Let's subset the data by dosage.
d.5 <- subset(ToothGrowth, dose == 0.5)
d1 <- subset(ToothGrowth, dose == 1)
d2 <- subset(ToothGrowth, dose == 2)
To test our hypothesis we will then do a series of T-tests (t.test) comparing each of the dosages against each other. We must not forget that we are assuming the data is not paired and equal variances.
t.test(len~dose, paired = FALSE, var.equal = TRUE, data=rbind(d.5, d1))
##
## Two Sample t-test
##
## data: len by dose
## t = -6.4766, df = 38, p-value = 1.266e-07
## alternative hypothesis: true difference in means is not equal to 0
## 95 percent confidence interval:
## -11.983748 -6.276252
## sample estimates:
## mean in group 0.5 mean in group 1
## 10.605 19.735
If we look at the 95 percent confidence interval values, we can say that the measurements of those subjects that were given a 1g dose is consistently higher than that of those with a 0.5g dose.

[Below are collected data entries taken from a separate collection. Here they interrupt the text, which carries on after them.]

lemma clique_number_eq_card_K:
  assumes "\<And>u. u \<in> I \<Longrightarrow> nbhd u \<noteq> K"
  shows "clique_number V E = card K"
  unfolding clique_number_def
proof (rule Max_eqI)
  show "finite {card C | C. C \<subseteq> V \<and> is_clique E C}"
    using finite_V by simp
  show "card K \<in> {card C | C. C \<subseteq> V \<and> is_clique E C}"
    using V_eq clique_K by blast
  fix y
  assume "y \<in> {card C | C. C \<subseteq> V \<and> is_clique E C}"
  then obtain C where y: "y = card C" and C: "C \<subseteq> V" "is_clique E C"
    by blast
  show "y \<le> card K"
  proof (cases "C \<subseteq> K")
    case True
    then show ?thesis
      using y finite_K card_mono by blast
  next
    case False
    then obtain u where u: "u \<in> C" "u \<in> I"
      using C(1) V_eq by blast
    have "C - {u} \<subseteq> nbhd u"
      using C u V_eq no_edge_I sym unfolding is_clique_def nbhd_def by blast
    then have "card C - 1 \<le> card (nbhd u)"
      using finite_nbhd by (metis card_Diff_singleton_if card_mono u(1))
    moreover have "card (nbhd u) < card K"
      using assms[OF u(2)] nbhd_subset_K finite_K by (simp add: psubset_card_mono psubset_eq)
    moreover have "finite C"
      using C(1) finite_V finite_subset by blast
    ultimately show ?thesis
      using y u(1) card_gt_0_iff by fastforce
  qed
qed
(* A $3$-stick unknot diagram $\mathcal{U}$ (three edges of nonzero length) is a non-degenerate triangle if and only if the corresponding folded ribbon unknot $\mathcal{U}_{w,F}$ is a Möbius band.
   Context: A non-degenerate triangle is one whose three vertices are not collinear. For width $w>0$, the folded ribbon $\mathcal{U}_{w,F}$ corresponding to a polygonal diagram $\mathcal{U}$ is a flat strip of width $w$ centred on $\mathcal{U}$, folded at each vertex along a fold line through the vertex perpendicular to the bisector of the angle between the adjacent edges (a piecewise-linear immersion of an annulus or Möbius band into the plane whose only singularities are the fold lines); at a vertex with angle $\pi$ between the adjacent edges there is no fold and the two edges behave as one. $F$ denotes the folding information (which layer is on top at each fold). *)

theory Defs
  imports "HOL-Analysis.Analysis"
begin

text \<open>A closed polygonal diagram with n sticks is a list vs of n vertices;
  vertex i is vs ! (i mod n), the edges join consecutive vertices cyclically.\<close>

definition vtx :: "complex list \<Rightarrow> nat \<Rightarrow> complex" where
  "vtx vs i = vs ! (i mod length vs)"

definition nonzero_edges :: "complex list \<Rightarrow> bool" where
  "nonzero_edges vs \<longleftrightarrow> (\<forall>i < length vs. vtx vs i \<noteq> vtx vs (Suc i))"

text \<open>Angle pi between the two edges at vertex p (previous vertex a, next vertex c):
  the two edge rays point in opposite directions. Then there is no fold.\<close>

definition straight_at :: "complex \<Rightarrow> complex \<Rightarrow> complex \<Rightarrow> bool" where
  "straight_at a p c \<longleftrightarrow> sgn (a - p) = - sgn (c - p)"

text \<open>Effect of the fold at vertex p on transverse (ribbon-width) vectors:
  reflection in the fold line, i.e. the line through p perpendicular to the
  bisector b of the angle between the adjacent edges; identity if the angle is pi.\<close>

definition fold_map :: "complex \<Rightarrow> complex \<Rightarrow> complex \<Rightarrow> complex \<Rightarrow> complex" where
  "fold_map a p c x =
     (if straight_at a p c then x
      else (let b = sgn (a - p) + sgn (c - p)
            in x - (2 * (x \<bullet> b) / (b \<bullet> b)) *\<^sub>R b))"

text \<open>Transport of the transverse direction of the ribbon once around the diagram,
  starting on edge 0 (from vertex 0 to vertex 1) and passing the folds at
  vertices 1, 2, ..., n (= vertex 0).\<close>

definition ribbon_transport :: "complex list \<Rightarrow> complex \<Rightarrow> complex" where
  "ribbon_transport vs x =
     foldl (\<lambda>y i. fold_map (vtx vs (i - 1)) (vtx vs i) (vtx vs (Suc i)) y) x
           [1..<Suc (length vs)]"

text \<open>The folded ribbon is the strip [0,L] x [-w/2,w/2] (L = perimeter) mapped along the
  diagram, with its two ends glued. Following the unit normal of edge 0 once around,
  it returns to plus or minus itself; the ribbon is a Moebius band iff it returns
  reversed (ends glued by t to -t), and an annulus otherwise. This is independent of
  the width w and of the folding information F.\<close>

definition folded_ribbon_is_moebius :: "complex list \<Rightarrow> bool" where
  "folded_ribbon_is_moebius vs \<longleftrightarrow>
     (let n0 = \<i> * sgn (vtx vs 1 - vtx vs 0)
      in ribbon_transport vs n0 = - n0)"

end

theory Submission
  imports Defs
begin

text \<open>Follow the unit normal \<open>\<i> * sgn e\<close> of each edge \<open>e\<close> across the fold at its end vertex.
  If \<open>u\<close> and \<open>v\<close> are the unit directions of the two edges leaving that vertex, the fold is
  the reflection \<open>x \<mapsto> - u * v * cnj x\<close>, which sends the normal of the incoming edge to
  minus the normal of the outgoing one; at a straight vertex nothing happens. So the
  transported normal returns reversed, i.e. the ribbon is a Moebius band, iff the number of
  genuine folds is odd. A non-degenerate triangle has three folds. A degenerate one with
  distinct vertices has exactly one vertex strictly between the other two, which is
  straight, so it has two.\<close>

lemma reflection_eq_cnj:
  fixes z b :: complex
  assumes "b \<noteq> 0"
  shows "z - (2 * (z \<bullet> b) / (b \<bullet> b)) *\<^sub>R b = - cnj z * b / cnj b"
proof -
  have "complex_of_real (2 * (z \<bullet> b)) = z * cnj b + cnj z * b"
    by (simp add: complex_eq_iff inner_complex_def algebra_simps)
  moreover have "complex_of_real (b \<bullet> b) = b * cnj b"
    by (simp add: complex_eq_iff inner_complex_def power2_eq_square)
  ultimately show ?thesis
    using assms by (simp add: scaleR_conv_of_real field_simps)
qed

lemma cnj_sgn_mult_sgn:
  fixes z :: complex
  assumes "z \<noteq> 0"
  shows "cnj (sgn z) * sgn z = 1"
  using assms complex_norm_square[of "sgn z"] by (simp add: norm_sgn mult.commute)

lemma fold_map_scaleR: "fold_map a p c (s *\<^sub>R x) = s *\<^sub>R fold_map a p c x"
  by (simp add: fold_map_def Let_def scaleR_diff_right inner_scaleR_left)

lemma fold_map_eq_cnj:
  assumes "a \<noteq> p" "c \<noteq> p" "\<not> straight_at a p c"
  shows "fold_map a p c x = - (sgn (a - p) * sgn (c - p)) * cnj x"
proof -
  define u v where "u = sgn (a - p)" and "v = sgn (c - p)"
  have u_unit: "cnj u * u = 1" and v_unit: "cnj v * v = 1"
    using assms(1,2) by (simp_all add: u_def v_def cnj_sgn_mult_sgn)
  have "u + v \<noteq> 0"
    using assms(3) by (auto simp: straight_at_def u_def v_def add_eq_0_iff2)
  moreover have "cnj (u + v) * (u * v) = u + v"
    using u_unit v_unit by (simp add: algebra_simps)
  ultimately have "(u + v) / cnj (u + v) = u * v"
    by (metis complex_cnj_zero_iff divide_eq_eq mult.commute)
  have "fold_map a p c x = x - (2 * (x \<bullet> (u + v)) / ((u + v) \<bullet> (u + v))) *\<^sub>R (u + v)"
    using assms(3) by (simp add: fold_map_def Let_def u_def v_def)
  also have "\<dots> = - cnj x * (u + v) / cnj (u + v)"
    using \<open>u + v \<noteq> 0\<close> by (rule reflection_eq_cnj)
  also have "\<dots> = - cnj x * ((u + v) / cnj (u + v))"
    by (rule times_divide_eq_right[symmetric])
  also have "\<dots> = - (u * v) * cnj x"
    unfolding \<open>(u + v) / cnj (u + v) = u * v\<close> by simp
  finally show ?thesis
    by (simp only: u_def v_def)
qed

lemma fold_map_edge_normal:
  assumes "a \<noteq> p" "c \<noteq> p"
  shows "fold_map a p c (\<i> * sgn (p - a))
           = (if straight_at a p c then 1 else - 1) *\<^sub>R (\<i> * sgn (c - p))"
proof -
  define u v where "u = sgn (a - p)" and "v = sgn (c - p)"
  have "sgn (p - a) = - u"
    unfolding u_def by (metis minus_diff_eq sgn_minus)
  show ?thesis
  proof (cases "straight_at a p c")
    case True
    then show ?thesis
      using \<open>sgn (p - a) = - u\<close> by (simp add: fold_map_def straight_at_def u_def v_def)
  next
    case False
    have "cnj u * u = 1"
      using assms(1) by (simp add: u_def cnj_sgn_mult_sgn)
    have "fold_map a p c (\<i> * sgn (p - a)) = - (u * v) * (\<i> * cnj u)"
      using assms False \<open>sgn (p - a) = - u\<close> by (simp add: fold_map_eq_cnj u_def v_def)
    also have "\<dots> = - \<i> * v * (cnj u * u)"
      by (simp add: algebra_simps)
    finally show ?thesis
      using False \<open>cnj u * u = 1\<close> by (simp add: v_def)
  qed
qed

lemma nonzero_edges_vtx_Suc:
  assumes "nonzero_edges vs" "vs \<noteq> []"
  shows "vtx vs i \<noteq> vtx vs (Suc i)"
proof -
  have "vtx vs i = vtx vs (i mod length vs)" "vtx vs (Suc i) = vtx vs (Suc (i mod length vs))"
    by (simp_all add: vtx_def mod_Suc_eq)
  moreover have "i mod length vs < length vs"
    using assms(2) by simp
  ultimately show ?thesis
    using assms(1) unfolding nonzero_edges_def by metis
qed

definition folds_at :: "complex list \<Rightarrow> nat \<Rightarrow> bool" where
  "folds_at vs i \<longleftrightarrow> \<not> straight_at (vtx vs (i - 1)) (vtx vs i) (vtx vs (Suc i))"

definition fold_count :: "complex list \<Rightarrow> nat" where
  "fold_count vs = length (filter (folds_at vs) [1..<Suc (length vs)])"

lemma foldl_fold_map_edge_normal:
  assumes "\<And>i. vtx vs i \<noteq> vtx vs (Suc i)"
  shows "foldl (\<lambda>y i. fold_map (vtx vs (i - 1)) (vtx vs i) (vtx vs (Suc i)) y)
           (\<i> * sgn (vtx vs 1 - vtx vs 0)) [1..<Suc k]
         = (- 1) ^ length (filter (folds_at vs) [1..<Suc k]) *\<^sub>R (\<i> * sgn (vtx vs (Suc k) - vtx vs k))"
proof (induction k)
  case 0
  show ?case by simp
next
  case (Suc k)
  let ?m = "length (filter (folds_at vs) [1..<Suc k])"
  have "vtx vs k \<noteq> vtx vs (Suc k)" "vtx vs (Suc (Suc k)) \<noteq> vtx vs (Suc k)"
    using assms by metis+
  note step = fold_map_edge_normal[OF this]
  have "foldl (\<lambda>y i. fold_map (vtx vs (i - 1)) (vtx vs i) (vtx vs (Suc i)) y)
          (\<i> * sgn (vtx vs 1 - vtx vs 0)) [1..<Suc (Suc k)]
        = fold_map (vtx vs k) (vtx vs (Suc k)) (vtx vs (Suc (Suc k)))
            ((- 1) ^ ?m *\<^sub>R (\<i> * sgn (vtx vs (Suc k) - vtx vs k)))"
    using Suc.IH by simp
  also have "\<dots> = (- 1) ^ (?m + of_bool (folds_at vs (Suc k)))
                     *\<^sub>R (\<i> * sgn (vtx vs (Suc (Suc k)) - vtx vs (Suc k)))"
    unfolding fold_map_scaleR step by (simp add: folds_at_def)
  also have "?m + of_bool (folds_at vs (Suc k)) = length (filter (folds_at vs) [1..<Suc (Suc k)])"
    by simp
  finally show ?case .
qed

lemma ribbon_transport_edge_normal:
  assumes "nonzero_edges vs" "vs \<noteq> []"
  shows "ribbon_transport vs (\<i> * sgn (vtx vs 1 - vtx vs 0))
           = (- 1) ^ fold_count vs *\<^sub>R (\<i> * sgn (vtx vs 1 - vtx vs 0))"
proof -
  let ?n = "length vs"
  have "Suc ?n mod ?n = 1 mod ?n"
    using mod_Suc_eq[of ?n ?n] by simp
  then have ends: "vtx vs (Suc ?n) = vtx vs 1" "vtx vs ?n = vtx vs 0"
    by (simp_all add: vtx_def)
  have "ribbon_transport vs (\<i> * sgn (vtx vs 1 - vtx vs 0))
          = (- 1) ^ fold_count vs *\<^sub>R (\<i> * sgn (vtx vs (Suc ?n) - vtx vs ?n))"
    unfolding ribbon_transport_def fold_count_def
    by (rule foldl_fold_map_edge_normal[OF nonzero_edges_vtx_Suc[OF assms]])
  then show ?thesis
    unfolding ends .
qed

lemma folded_ribbon_is_moebius_iff_odd_fold_count:
  assumes "nonzero_edges vs" "vs \<noteq> []"
  shows "folded_ribbon_is_moebius vs \<longleftrightarrow> odd (fold_count vs)"
proof -
  have "\<i> * sgn (vtx vs 1 - vtx vs 0) \<noteq> 0"
    using nonzero_edges_vtx_Suc[OF assms, of 0] by (simp add: sgn_eq_0_iff)
  then show ?thesis
    using ribbon_transport_edge_normal[OF assms]
    by (cases "even (fold_count vs)") (simp_all add: folded_ribbon_is_moebius_def)
qed

lemma straight_at_on_line:
  fixes p d :: complex
  assumes "d \<noteq> 0"
  shows "straight_at (p + r *\<^sub>R d) (p + s *\<^sub>R d) (p + t *\<^sub>R d) \<longleftrightarrow> sgn (r - s) = - sgn (t - s)"
proof -
  have "straight_at (p + r *\<^sub>R d) (p + s *\<^sub>R d) (p + t *\<^sub>R d)
          \<longleftrightarrow> sgn (r - s) *\<^sub>R sgn d = (- sgn (t - s)) *\<^sub>R sgn d"
    by (simp add: straight_at_def sgn_scaleR flip: scaleR_diff_left)
  also have "\<dots> \<longleftrightarrow> sgn (r - s) = - sgn (t - s)"
    using assms by (metis scaleR_cancel_right sgn_eq_0_iff)
  finally show ?thesis .
qed

lemma scaleR_norm_sgn: "norm x *\<^sub>R sgn x = (x :: 'a :: real_normed_vector)"
  by (cases "x = 0") (simp_all add: sgn_div_norm)

lemma straight_at_imp_collinear:
  fixes a p c :: complex
  assumes "straight_at a p c"
  shows "collinear {a, p, c}"
proof -
  have "a = p + cmod (a - p) *\<^sub>R sgn (a - p)"
    by (simp add: scaleR_norm_sgn)
  moreover have "c = p + (- cmod (c - p)) *\<^sub>R sgn (a - p)"
    using assms scaleR_norm_sgn[of "c - p"] by (simp add: straight_at_def)
  moreover have "p = p + 0 *\<^sub>R sgn (a - p)"
    by simp
  ultimately show ?thesis
    unfolding collinear_alt by blast
qed

lemma fold_count_triangle:
  "fold_count [a, b, c]
     = of_bool (\<not> straight_at a b c) + of_bool (\<not> straight_at b c a) + of_bool (\<not> straight_at c a b)"
  by (simp add: fold_count_def folds_at_def vtx_def upt_rec)

lemma fold_count_collinear_triangle:
  fixes a b c :: complex
  assumes "a \<noteq> b" "b \<noteq> c" "c \<noteq> a" "collinear {a, b, c}"
  shows "fold_count [a, b, c] = 2"
proof -
  have "collinear {a, c, b}"
    using assms(4) by (simp add: insert_commute)
  then obtain u where "c = u *\<^sub>R a + (1 - u) *\<^sub>R b"
    using assms(1) unfolding collinear_3_expand by blast
  define d where "d = a - b"
  have d: "d \<noteq> 0"
    using assms(1) by (simp add: d_def)
  have on_line: "b + 1 *\<^sub>R d = a" "b + 0 *\<^sub>R d = b" "b + u *\<^sub>R d = c"
    using \<open>c = _\<close> by (simp_all add: d_def algebra_simps)
  have "u \<noteq> 0" "u \<noteq> 1"
    using assms(2,3) on_line by auto
  moreover note
    straight_at_on_line[OF d, of b 1 0 u, unfolded on_line]
    straight_at_on_line[OF d, of b 0 u 1, unfolded on_line]
    straight_at_on_line[OF d, of b u 1 0, unfolded on_line]
  ultimately show ?thesis
    unfolding fold_count_triangle by (auto simp: sgn_if)
qed

theorem lemma5p1:
  fixes a b c :: complex
  assumes "nonzero_edges [a, b, c]"
  shows "\<not> collinear {a, b, c} \<longleftrightarrow> folded_ribbon_is_moebius [a, b, c]"
proof -
  have "\<forall>i < 3. vtx [a, b, c] i \<noteq> vtx [a, b, c] (Suc i)"
    using assms by (simp add: nonzero_edges_def)
  then have "a \<noteq> b" "b \<noteq> c" "c \<noteq> a"
    unfolding numeral_3_eq_3 All_less_Suc by (simp_all add: vtx_def)
  have moebius: "folded_ribbon_is_moebius [a, b, c] \<longleftrightarrow> odd (fold_count [a, b, c])"
    using assms by (simp add: folded_ribbon_is_moebius_iff_odd_fold_count)
  show ?thesis
  proof (cases "collinear {a, b, c}")
    case True
    with \<open>a \<noteq> b\<close> \<open>b \<noteq> c\<close> \<open>c \<noteq> a\<close> show ?thesis
      by (simp add: moebius fold_count_collinear_triangle)
  next
    case False
    moreover have "collinear {b, c, a} = collinear {a, b, c}" "collinear {c, a, b} = collinear {a, b, c}"
      by (simp_all add: insert_commute)
    ultimately have "\<not> straight_at a b c" "\<not> straight_at b c a" "\<not> straight_at c a b"
      by (metis straight_at_imp_collinear)+
    with False show ?thesis
      by (simp add: moebius fold_count_triangle)
  qed
qed

end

t.test(len~dose, paired = FALSE, var.equal = TRUE, data=rbind(d.5, d2))
##
## Two Sample t-test
##
## data: len by dose
## t = -11.799, df = 38, p-value = 2.838e-14
## alternative hypothesis: true difference in means is not equal to 0
## 95 percent confidence interval:
## -18.15352 -12.83648
## sample estimates:
## mean in group 0.5 mean in group 2
## 10.605 26.100
The confidence interval shows us here that subjects that were given a 2g dose have experienced more growth in length than those with a 0.5g dose.
t.test(len~dose, paired = FALSE, var.equal = TRUE, data=rbind(d1, d2))
##
## Two Sample t-test
##
## data: len by dose
## t = -4.9005, df = 38, p-value = 1.811e-05
## alternative hypothesis: true difference in means is not equal to 0
## 95 percent confidence interval:
## -8.994387 -3.735613
## sample estimates:
## mean in group 1 mean in group 2
## 19.735 26.100
Finally the measurements of those individuals with a 2g dose were consistently higher than those with a 1g dose.
This can tell us that, indeed the null hypothesis of no relation between dosage and length growth can be discarded in favor our alternative hypothesis: There's a positive relation between dose and length increase.
For our next analysis, we recall from the box plot that we have hypothesized that those individuals that were given Orange Juice have experienced more growth in length than those that were given Abscorbic Acid.
Let's subset the data by supplement.
oj <- subset(ToothGrowth, supp == "OJ")
vc <- subset(ToothGrowth, supp == "VC")
Let's perform a T-test (t.test) maintaining our previous assumptions.
t.test(len~supp, paired = FALSE, var.equal = TRUE, data=rbind(oj, vc))
##
## Two Sample t-test
##
## data: len by supp
## t = 1.9153, df = 58, p-value = 0.06039
## alternative hypothesis: true difference in means is not equal to 0
## 95 percent confidence interval:
## -0.1670064 7.5670064
## sample estimates:
## mean in group OJ mean in group VC
## 20.66333 16.96333
Our confidence interval, which contains the value 0, suggests that we cannot discard the null hypothesis, meaning that there's no discernable change in length among those individuals that were fed different supplements.